### Work instruction
Starting at the top of the entries below, set down each line exactly as written, and stop after the line containing "l))\<^sup>2 \<le> \<sigma>^12".
[Supplied information — start]
lemma l2_split:
  "(1 - k powr (5/4)) * (l2norm N (\<lambda>i j l. Ph N me i j l - gnormalize mt i j l))\<^sup>2
   + (1 - k powr (1/4)) * (l2norm N (\<lambda>i j l. err i j l - (Ph N me i j l - gnormalize mt i j l)))\<^sup>2
   \<le> (l2norm N err)\<^sup>2"
proof (rule l2norm_sq_combination_le)
  fix i j l :: nat assume "i \<in> {1..N}" "j \<in> {1..N}" "l \<in> {1..N}"
  then have small: "(norm (Ph N me i j l - mt i j l))\<^sup>2 \<le> \<sigma>^12 / 2"
    using err_sq_le_half_\<sigma>12 unfolding err_def by simp
  have "k powr (5/4) = \<sigma>^10" "k powr (1/4) = \<sigma>^2" unfolding \<sigma>_power by simp_all
  moreover have "(1 - \<sigma>^10) * (norm (Ph N me i j l - gnormalize mt i j l))\<^sup>2
      + (1 - \<sigma>^2) * (norm ((Ph N me i j l - mt i j l) - (Ph N me i j l - gnormalize mt i j l)))\<^sup>2
      \<le> (norm (Ph N me i j l - mt i j l))\<^sup>2"
    unfolding gnormalize_def
    using \<sigma>_pos half_\<sigma>12_le
    by (intro sq_dist_ge_normalized_split[OF Ph_norm_eq_1[OF N unit] small])
      (simp_all flip: power_add)
  ultimately show "(1 - k powr (5/4)) * (norm (Ph N me i j l - gnormalize mt i j l))\<^sup>2
      + (1 - k powr (1/4)) * (norm (err i j l - (Ph N me i j l - gnormalize mt i j l)))\<^sup>2
      \<le> (norm (err i j l))\<^sup>2"
    unfolding err_def by simp
qed

lemma grad_split:
  assumes "0 < \<delta>"
  shows "(gradnorm N (\<lambda>i j l. Ph N me i j l - gnormalize mt i j l))\<^sup>2
    \<le> (1 + \<delta>) * (gradnorm N err)\<^sup>2 + (9 * grad_const Cs (sup_const B * C2) \<delta>) * (l2norm N err)\<^sup>2"
proof (rule gradnorm_sq_le[OF N grad_const_nonneg[OF assms] _ _ _ err_ghost])
  have B3: "0 \<le> sup_const B * C2" using sup_const_pos[OF data_const_pos[OF pos(2,3)]] pos by simp
  have err_small: "(norm (err i j l))\<^sup>2 \<le> sup_const B * \<sigma>^13" if "i \<le> N+1" "j \<le> N+1" "l \<le> N+1" for i j l
    using err_sup_le[OF that] .
  have R: "sup_const B * \<sigma>^13 \<le> 1/4" using sup_bound_le(1) half_\<sigma>12_le by linarith
  have pt: "(norm (((Ph N me i' j' l' - mt i' j' l' /\<^sub>R norm (mt i' j' l'))
        - (Ph N me i j l - mt i j l /\<^sub>R norm (mt i j l))) /\<^sub>R gh N))\<^sup>2
      \<le> (1 + \<delta>) * (norm (((Ph N me i' j' l' - mt i' j' l') - (Ph N me i j l - mt i j l)) /\<^sub>R gh N))\<^sup>2
        + grad_const Cs (sup_const B * C2) \<delta>
          * ((norm (Ph N me i j l - mt i j l))\<^sup>2 + (norm (Ph N me i' j' l' - mt i' j' l'))\<^sup>2)"
    if "i \<le> N+1" "j \<le> N+1" "l \<le> N+1" "i' \<le> N+1" "j' \<le> N+1" "l' \<le> N+1"
      and step: "norm (Ph N me i' j' l' - Ph N me i j l) \<le> Cs * gh N" for i j l i' j' l'
    using err_small[OF that(1-3)] err_small[OF that(4-6)] unfolding err_def
    by (intro normalized_diff_quotient_le[OF Ph_norm_eq_1[OF N unit] Ph_norm_eq_1[OF N unit] step
          _ _ R sup_bound_le(2) gh_pos _ B3 assms]) (use pos in simp_all)
  fix i j l assume "i \<in> {1..N}" "j \<in> {1..N}" "l \<in> {1..N}"
  then have ijl: "i \<le> N+1" "j \<le> N+1" "l \<le> N+1" "Suc i \<le> N+1" "Suc j \<le> N+1" "Suc l \<le> N+1" by auto
  note lipP = Ph_Suc_dist_le[OF N lip]
  show "(norm (Dx N (\<lambda>i j l. Ph N me i j l - gnormalize mt i j l) i j l))\<^sup>2
      \<le> (1 + \<delta>) * (norm (Dx N err i j l))\<^sup>2
        + grad_const Cs (sup_const B * C2) \<delta> * ((norm (err i j l))\<^sup>2 + (norm (err (Suc i) j l))\<^sup>2)"
    using pt[OF ijl(1-3) ijl(4) ijl(2,3) lipP(1)] unfolding Dx_def gnormalize_def err_def by simp
  show "(norm (Dy N (\<lambda>i j l. Ph N me i j l - gnormalize mt i j l) i j l))\<^sup>2
      \<le> (1 + \<delta>) * (norm (Dy N err i j l))\<^sup>2
        + grad_const Cs (sup_const B * C2) \<delta> * ((norm (err i j l))\<^sup>2 + (norm (err i (Suc j) l))\<^sup>2)"
    using pt[OF ijl(1-3) ijl(1) ijl(5) ijl(3) lipP(2)] unfolding Dy_def gnormalize_def err_def by simp
  show "(norm (Dz N (\<lambda>i j l. Ph N me i j l - gnormalize mt i j l) i j l))\<^sup>2
      \<le> (1 + \<delta>) * (norm (Dz N err i j l))\<^sup>2
        + grad_const Cs (sup_const B * C2) \<delta> * ((norm (err i j l))\<^sup>2 + (norm (err i j (Suc l)))\<^sup>2)"
    using pt[OF ijl(1-3) ijl(1,2) ijl(6) lipP(3)] unfolding Dz_def gnormalize_def err_def by simp
qed

lemma error_estimates:
  assumes "0 < \<delta>"
  shows "let et = (\<lambda>i j l. Ph N me i j l - mt i j l);
          e  = (\<lambda>i j l. Ph N me i j l - gnormalize mt i j l)
      in (\<forall>i\<le>N+1. \<forall>j\<le>N+1. \<forall>l\<le>N+1. mt i j l \<noteq> 0) \<and>
         (l2norm N et)\<^sup>2 \<ge> (1 - k powr (5/4)) * (l2norm N e)\<^sup>2
                           + (1 - k powr (1/4)) * (l2norm N (\<lambda>i j l. et i j l - e i j l))\<^sup>2 \<and>
         (gradnorm N e)\<^sup>2 \<le> (1 + \<delta>) * (gradnorm N et)\<^sup>2
                           + (9 * grad_const Cs (sup_const B * C2) \<delta>) * (l2norm N et)\<^sup>2"
  using mt_nonzero l2_split grad_split[OF assms] unfolding Let_def err_def by blast

end

theorem mainTheorem3:
  fixes Cs C1 C2 :: real
  assumes "Cs > 0" and "C1 > 0" and "C2 > 0"
  shows "\<exists>k0>0. \<forall>\<delta>>0. \<exists>C\<delta>. \<forall>(me :: real^3 \<Rightarrow> real^3) (N :: nat) (k :: real) (mt :: gridfun).
     (continuous_on unit_cube me \<and> Cs-lipschitz_on unit_cube me \<and>
      (\<forall>x\<in>unit_cube. norm (me x) = 1) \<and>
      N \<ge> 1 \<and> in_X N mt \<and>
      k > 0 \<and> C1 * gh N \<le> k \<and> k \<le> C2 * gh N \<and> k \<le> k0 \<and> gh N \<le> k0 \<and>
      l2norm N (\<lambda>i j l. Ph N me i j l - mt i j l) \<le> 2 * k powr (15/8) \<and>
      gradnorm N (\<lambda>i j l. Ph N me i j l - mt i j l) \<le> 1/2 * k powr (11/8))
     \<longrightarrow>
     (let et = (\<lambda>i j l. Ph N me i j l - mt i j l);
          e  = (\<lambda>i j l. Ph N me i j l - gnormalize mt i j l)
      in (\<forall>i\<le>N+1. \<forall>j\<le>N+1. \<forall>l\<le>N+1. mt i j l \<noteq> 0) \<and>
         (l2norm N et)\<^sup>2 \<ge> (1 - k powr (5/4)) * (l2norm N e)\<^sup>2
                           + (1 - k powr (1/4)) * (l2norm N (\<lambda>i j l. et i j l - e i j l))\<^sup>2 \<and>
         (gradnorm N e)\<^sup>2 \<le> (1 + \<delta>) * (gradnorm N et)\<^sup>2 + C\<delta> * (l2norm N et)\<^sup>2)"
proof (rule exI[of _ "k_threshold C1 C2"], intro conjI allI impI, goal_cases)
  case 1
  show ?case using assms(2,3) by (rule k_threshold_pos)
next
  case (2 \<delta>)
  show ?case
  proof (rule exI[of _ "9 * grad_const Cs (sup_const (data_const C1 C2) * C2) \<delta>"], intro allI impI, goal_cases)
    case (1 me N k mt)
    then interpret small_error Cs C1 C2 me N k mt
      using assms by unfold_locales auto
    show ?case using error_estimates[OF \<open>0 < \<delta>\<close>] .
  qed
qed

end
[Supplied information — finish]
### Solution below
lemma l2_split:
  "(1 - k powr (5/4)) * (l2norm N (\<lambda>i j l. Ph N me i j l - gnormalize mt i j l))\<^sup>2
   + (1 - k powr (1/4)) * (l2norm N (\<lambda>i j l. err i j l - (Ph N me i j l - gnormalize mt i j l)))\<^sup>2
   \<le> (l2norm N err)\<^sup>2"
proof (rule l2norm_sq_combination_le)
  fix i j l :: nat assume "i \<in> {1..N}" "j \<in> {1..N}" "l \<in> {1..N}"
  then have small: "(norm (Ph N me i j l - mt i j l))\<^sup>2 \<le> \<sigma>^12 / 2"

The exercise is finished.